The Tories have accused Sir Keir Starmer of u-turning on his principles over immigration as campaigns ahead of the General Election intensify.
The Labor Party leader pledged to slash levels of migration to the UK but could not provide a timeline level or target figure.
Home Secretary James Cleverly said: “Keir Starmer has a track record of supporting high immigration levels and helping foreign criminals stay in Britain because he believes all immigration laws are racist.
“This is yet another day where Starmer will say what he thinks people want to hear during an election because he lacks conviction to say what he believes. A Labor government would allow open door immigration, making the UK a magnet for illegal migrants.

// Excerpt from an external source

(* Let $(E,\mathcal P)$ be a random locally convex module over $K$ with base $(\Omega,\mathcal F,P)$ such that $\mathcal F$ has at least one $P$-atom, and let $f:E\to L^0(\mathcal F,K)$ be a module homomorphism. Then $f\in E^\ast_{min}$ (i.e. $f$ is continuous from $(E,\mathcal T_{\varepsilon,\lambda})$ to $(L^0(\mathcal F,K),\mathcal T_c)$) if and only if there exist finitely many $P$-atoms $A_1,\dots,A_n$, elements $\xi_1,\dots,\xi_n\in L^0_+$ and $\mathcal Q_1,\dots,\mathcal Q_n\in\mathcal F(\mathcal P)$ such that $$|f(x)|\le\sum_{i=1}^{n}\tilde I_{A_i}\,\xi_i\,\|x\|_{\mathcal Q_i}\quad\text{for all }x\in E.$$
   Context: $(\Omega,\mathcal{F},P)$ is a probability space, $K=\mathbb{R}$ or $\mathbb{C}$, $L^{0}(\mathcal{F},K)$ is the algebra of equivalence classes (mod a.s. equality) of $K$-valued measurable random variables, ordered a.s.; $L^0_+$ the nonnegative ones, $L^0_{++}$ those $>0$ a.s.; $\tilde I_A$ is the class of the indicator of $A$. An $L^0$-seminorm on a left $L^0(\mathcal F,K)$-module $E$ is $\|\cdot\|:E\to L^0_+$ with $\|x+y\|\le\|x\|+\|y\|$ and $\|\xi x\|=|\xi|\|x\|$. A random locally convex module $(E,\mathcal P)$ is a left $L^0(\mathcal F,K)$-module with a family $\mathcal P$ of $L^0$-seminorms such that $\bigvee_{\|\cdot\|\in\mathcal P}\|x\|=0$ implies $x=0$. $\mathcal F(\mathcal P)$ is the set of finite subfamilies of $\mathcal P$, and $\|x\|_{\mathcal Q}=\bigvee_{\|\cdot\|\in\mathcal Q}\|x\|$. $\mathcal T_{\varepsilon,\lambda}$ on $E$ has local base at $0$ the sets $\{x:P\{\omega:\|x\|_{\mathcal Q}(\omega)<\varepsilon\}>1-\lambda\}$ ($\mathcal Q\in\mathcal F(\mathcal P)$, $\varepsilon>0$, $0<\lambda<1$). $\mathcal T_c$ on $E$: $G$ open iff for each $x\in G$ there are $\mathcal Q\in\mathcal F(\mathcal P)$, $\varepsilon\in L^0_{++}$ with $x+\{y:\|y\|_{\mathcal Q}\le\varepsilon\}\subset G$. $L^0(\mathcal F,K)$ is regarded as a random locally convex module with $\mathcal P=\{|\cdot|\}$. A $P$-atom is $A\in\mathcal F$ with $P(A)>0$ such that every measurable $B\subset A$ has $P(B)=0$ or $P(A\setminus B)=0$. *)

theory Defs
  imports "HOL-Probability.Probability"
begin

“Only Rishi Sunak and the Conservatives are committed to cutting migration and stopping the boats. We have a record of taking bold action to cut migration to secure Britain's future.”

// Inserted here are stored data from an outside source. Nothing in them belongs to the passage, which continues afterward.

(* There is an absolute constant $c>0$ with the following property. Let $\sigma>0$ and let $F$ be an entire function of exponential type at most $\sigma$ whose restriction to $\mathbb{R}$ is integrable, with $F(0)\ge 1$ and $L=\int_{-\infty}^\infty|F(x)|\,dx$. If $\omega\in\mathbb{C}$ satisfies $F(\omega)=0$, then \[ 1\le c\,L\,\sigma^{2}\,|\omega|\cosh\bigl(\sigma\,\mathrm{Im}(\omega)\bigr). \]
   Context: An entire function $F$ has exponential type at most $\sigma$ if for each $\epsilon>0$ there is $C_\epsilon$ with $|F(z)|\le C_\epsilon e^{\sigma(1+\epsilon)|z|}$ for all $z\in\mathbb{C}$. *)

theory Defs
  imports "HOL-Complex_Analysis.Complex_Analysis"
begin

definition exp_type_at_most :: "(complex \<Rightarrow> complex) \<Rightarrow> real \<Rightarrow> bool" where
  "exp_type_at_most F \<sigma> \<longleftrightarrow>
     (\<forall>\<epsilon>>0. \<exists>C. \<forall>z. norm (F z) \<le> C * exp (\<sigma> * (1 + \<epsilon>) * norm z))"

end

theory Submission
  imports Defs
begin

text \<open>
  Let \<open>G\<close> be the primitive of \<open>F\<close> with \<open>G 0 = 0\<close>. Then \<open>\<bar>G\<bar> \<le> L\<close> on the real line and \<open>G\<close> again
  has exponential type \<open>\<sigma>\<close>, so a Phragmen-Lindeloef argument gives \<open>\<bar>G z\<bar> \<le> L exp (\<sigma> \<bar>Im z\<bar>)\<close>:
  for \<open>\<tau> > \<sigma>\<close> the function \<open>G w exp (i \<tau> w)\<close> is bounded on the closed upper half plane (directly
  in a cone around the imaginary axis, and in the two remaining sectors, whose opening is less
  than \<open>\<pi>/2\<close>, after damping with \<open>exp (- \<eta> (1 - i m) w\<^sup>2)\<close>), hence bounded by \<open>L\<close> there (after
  damping with \<open>1 / (1 - i \<eta> w)\<close>). Cauchy's estimate on circles of radius \<open>1/\<sigma>\<close> turns this
  into \<open>\<bar>F' \<xi>\<bar> \<le> 2 e L \<sigma>\<^sup>2 exp (\<sigma> \<bar>Im \<xi>\<bar>)\<close>, and the mean value inequality on the segment
  from \<open>0\<close> to the zero \<open>\<omega>\<close> gives \<open>1 \<le> \<bar>F 0\<bar> \<le> 2 e L \<sigma>\<^sup>2 \<bar>\<omega>\<bar> exp (\<sigma> \<bar>Im \<omega>\<bar>)\<close>, which is at most
  \<open>4 e L \<sigma>\<^sup>2 \<bar>\<omega>\<bar> cosh (\<sigma> Im \<omega>)\<close>.
\<close>

section \<open>Phragmen-Lindeloef estimates\<close>

lemma tendsto_at_right_0_lowerbound:
  fixes f :: "real \<Rightarrow> real"
  assumes "\<And>\<eta>. 0 < \<eta> \<Longrightarrow> a \<le> f \<eta>" and "(f \<longlongrightarrow> l) (at_right 0)"
  shows "a \<le> l"
  by (rule tendsto_lowerbound[OF assms(2)]) (auto intro!: eventually_at_rightI[of 0 1] assms(1))

lemma exp_linear_minus_quadratic_eventually_less:
  fixes A B \<eta> :: real
  assumes "\<eta> > 0"
  obtains R where "\<And>r. R \<le> r \<Longrightarrow> A * exp (B * r) * exp (- (\<eta> * r\<^sup>2)) < \<eta>"
proof
  fix r assume r: "max 1 (max ((\<bar>B\<bar> + 1) / \<eta>) (\<bar>A\<bar> / \<eta>)) \<le> r"
  then have "1 \<le> r" "\<bar>B\<bar> + 1 \<le> \<eta> * r" "\<bar>A\<bar> \<le> \<eta> * r"
    using assms by (auto simp: pos_divide_le_eq mult.commute)
  then have "r * (B - \<eta> * r) \<le> r * (-1)"
    by (intro mult_left_mono) auto
  then have "B * r - \<eta> * r\<^sup>2 \<le> - r"
    by (simp add: power2_eq_square algebra_simps)
  then have "A * exp (B * r) * exp (- (\<eta> * r\<^sup>2)) \<le> \<bar>A\<bar> * exp (- r)"
    unfolding mult.assoc exp_add[symmetric] by (intro mult_mono) auto
  also have "\<dots> \<le> \<bar>A\<bar> / (1 + r)"
  proof -
    have "exp (- r) \<le> 1 / (1 + r)"
      using exp_ge_add_one_self[of r] \<open>1 \<le> r\<close> by (simp add: exp_minus field_simps)
    then show ?thesis
      by (simp add: mult_left_mono divide_inverse)
  qed
  also have "\<dots> < \<eta>"
    using \<open>\<bar>A\<bar> \<le> \<eta> * r\<close> \<open>1 \<le> r\<close> assms by (simp add: divide_less_eq algebra_simps)
  finally show "A * exp (B * r) * exp (- (\<eta> * r\<^sup>2)) < \<eta>" .
qed

lemma maximum_modulus_frontier_superset:
  fixes f :: "complex \<Rightarrow> complex"
  assumes "open S" "bounded S" "S \<subseteq> T" "closed T"
    and "f holomorphic_on S" "continuous_on T f"
    and "\<And>z. z \<in> T - S \<Longrightarrow> norm (f z) \<le> B" and "\<xi> \<in> S"
  shows "norm (f \<xi>) \<le> B"
proof (rule maximum_modulus_frontier[of f S])
  have "closure S \<subseteq> T"
    using assms by (simp add: closure_minimal)
  then show "continuous_on (closure S) f"
    using assms(6) continuous_on_subset by blast
  show "norm (f z) \<le> B" if "z \<in> frontier S" for z
    using that \<open>closure S \<subseteq> T\<close> assms(1,7) by (auto simp: frontier_def interior_open)
qed (use assms in \<open>auto simp: interior_open\<close>)

lemma norm_exp_sector_damping_le:
  fixes m \<eta> :: real and w :: complex
  assumes "0 \<le> \<eta>" "0 \<le> Im w" "Im w \<le> m * Re w"
  shows "norm (exp (- (\<eta> * ((1 - \<i> * m) * w\<^sup>2)))) \<le> exp (- (\<eta> * norm w ^ 2))"
proof -
  have "Re ((1 - \<i> * m) * w\<^sup>2) - norm w ^ 2 = 2 * Im w * (m * Re w - Im w)"
    unfolding cmod_power2 by (simp add: power2_eq_square algebra_simps)
  also have "\<dots> \<ge> 0"
    using assms by simp
  finally show ?thesis
    using assms(1) by (simp add: norm_exp_eq_Re mult_left_mono)
qed

lemma Re_nonneg_of_sector:
  fixes m :: real
  assumes "0 < m" "0 \<le> Im w" "Im w \<le> m * Re w"
  shows "0 \<le> Re w"
proof -
  have "0 \<le> m * Re w"
    using assms(2,3) by linarith
  then show ?thesis
    using assms(1) by (simp add: zero_le_mult_iff)
qed

lemma maximum_modulus_truncated_sector:
  fixes f :: "complex \<Rightarrow> complex" and m R B :: real
  assumes hol: "f holomorphic_on UNIV" and m: "0 < m"
    and boundary: "\<And>w. 0 \<le> Im w \<Longrightarrow> Im w \<le> m * Re w \<Longrightarrow> Re w \<le> R \<Longrightarrow>
      Im w = 0 \<or> Im w = m * Re w \<or> Re w = R \<Longrightarrow> norm (f w) \<le> B"
    and z: "0 < Im z" "Im z < m * Re z" "Re z < R"
  shows "norm (f z) \<le> B"
proof -
  define S where "S = {w. 0 < Im w \<and> Im w < m * Re w \<and> Re w < R}"
  define T where "T = {w. 0 \<le> Im w \<and> Im w \<le> m * Re w \<and> Re w \<le> R}"
  show ?thesis
  proof (rule maximum_modulus_frontier_superset[of S T f])
    show "open S"
      unfolding S_def by (intro open_Collect_conj open_Collect_less continuous_intros)
    show "closed T"
      unfolding T_def by (intro closed_Collect_conj closed_Collect_le continuous_intros)
    show "S \<subseteq> T"
      by (auto simp: S_def T_def)
    have "norm w \<le> R + m * R" if "w \<in> S" for w
    proof -
      have "Re w < R" "\<bar>Im w\<bar> \<le> m * Re w" "0 \<le> Re w"
        using that Re_nonneg_of_sector[OF m, of w] by (auto simp: S_def)
      then show ?thesis
        using cmod_le[of w] mult_left_mono[of "Re w" R m] m by linarith
    qed
    then show "bounded S"
      unfolding bounded_iff by blast
    show "f holomorphic_on S" "continuous_on T f"
      using hol by (auto intro: holomorphic_on_subset holomorphic_on_imp_continuous_on continuous_on_subset)
    show "z \<in> S"
      using z by (simp add: S_def)
    show "norm (f w) \<le> B" if "w \<in> T - S" for w
      using that by (intro boundary) (auto simp: S_def T_def)
  qed
qed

The Labor leader is putting the migration plan in his manifesto, and it will include passing laws to ban law-breaking employers from hiring foreign workers and to train more Britons.
Last year's net migration figure of 685,000 has “got to come down.”
He vowed to “control our borders and make sure British businesses are helped to hire Brits first”.
While encroaching on traditional Tory territory, Sir Keir hit out at successive Conservative governments for promising but failing to cut numbers.
A Labor government would bar bosses who break employment law – for example by failing to pay workers the minimum wage – from hiring foreigners.
Sectors of the UK economy have become “very heavily dependent on overseas recruitment” because of a “failure in the UK labor market”, shadow home secretary Yvette Cooper has said.
Ms Cooper added: “We think that migration should come down and that's the plan that Keir is setting out is in order to bring that migration down.
“It has trebled in the last five years under the Conservatives and right at the heart of that is a big increase in work migration, and that's because there's been a fundamental failure to tackle skills shortages, to deal with some of the problems in the labor market.”
She added: “The reason that whole sectors have become very heavily dependent on overseas recruitment is because of a failure in the UK labor market, because of a failure of a Conservative government. Some of that is around skills, some of that is around getting people back into work.”
It would also legislate to link the immigration system to training, with businesses applying for foreign worker visas having to train Britons to do the jobs.
Alison Thewliss, from the SNP, said: “Instead of coming forward with policies based on Scotland's needs, Keir Starmer and Rishi Sunak are both amping up the far-right belief that migrants are to blame for all of our problems – but it's not migrants. , it's Westminster.”
“From our care sector and our NHS to our economy, the cruel immigration policies that both the Tories and Keir Starmer's Labor have now adopted directly harm Scotland,” she said.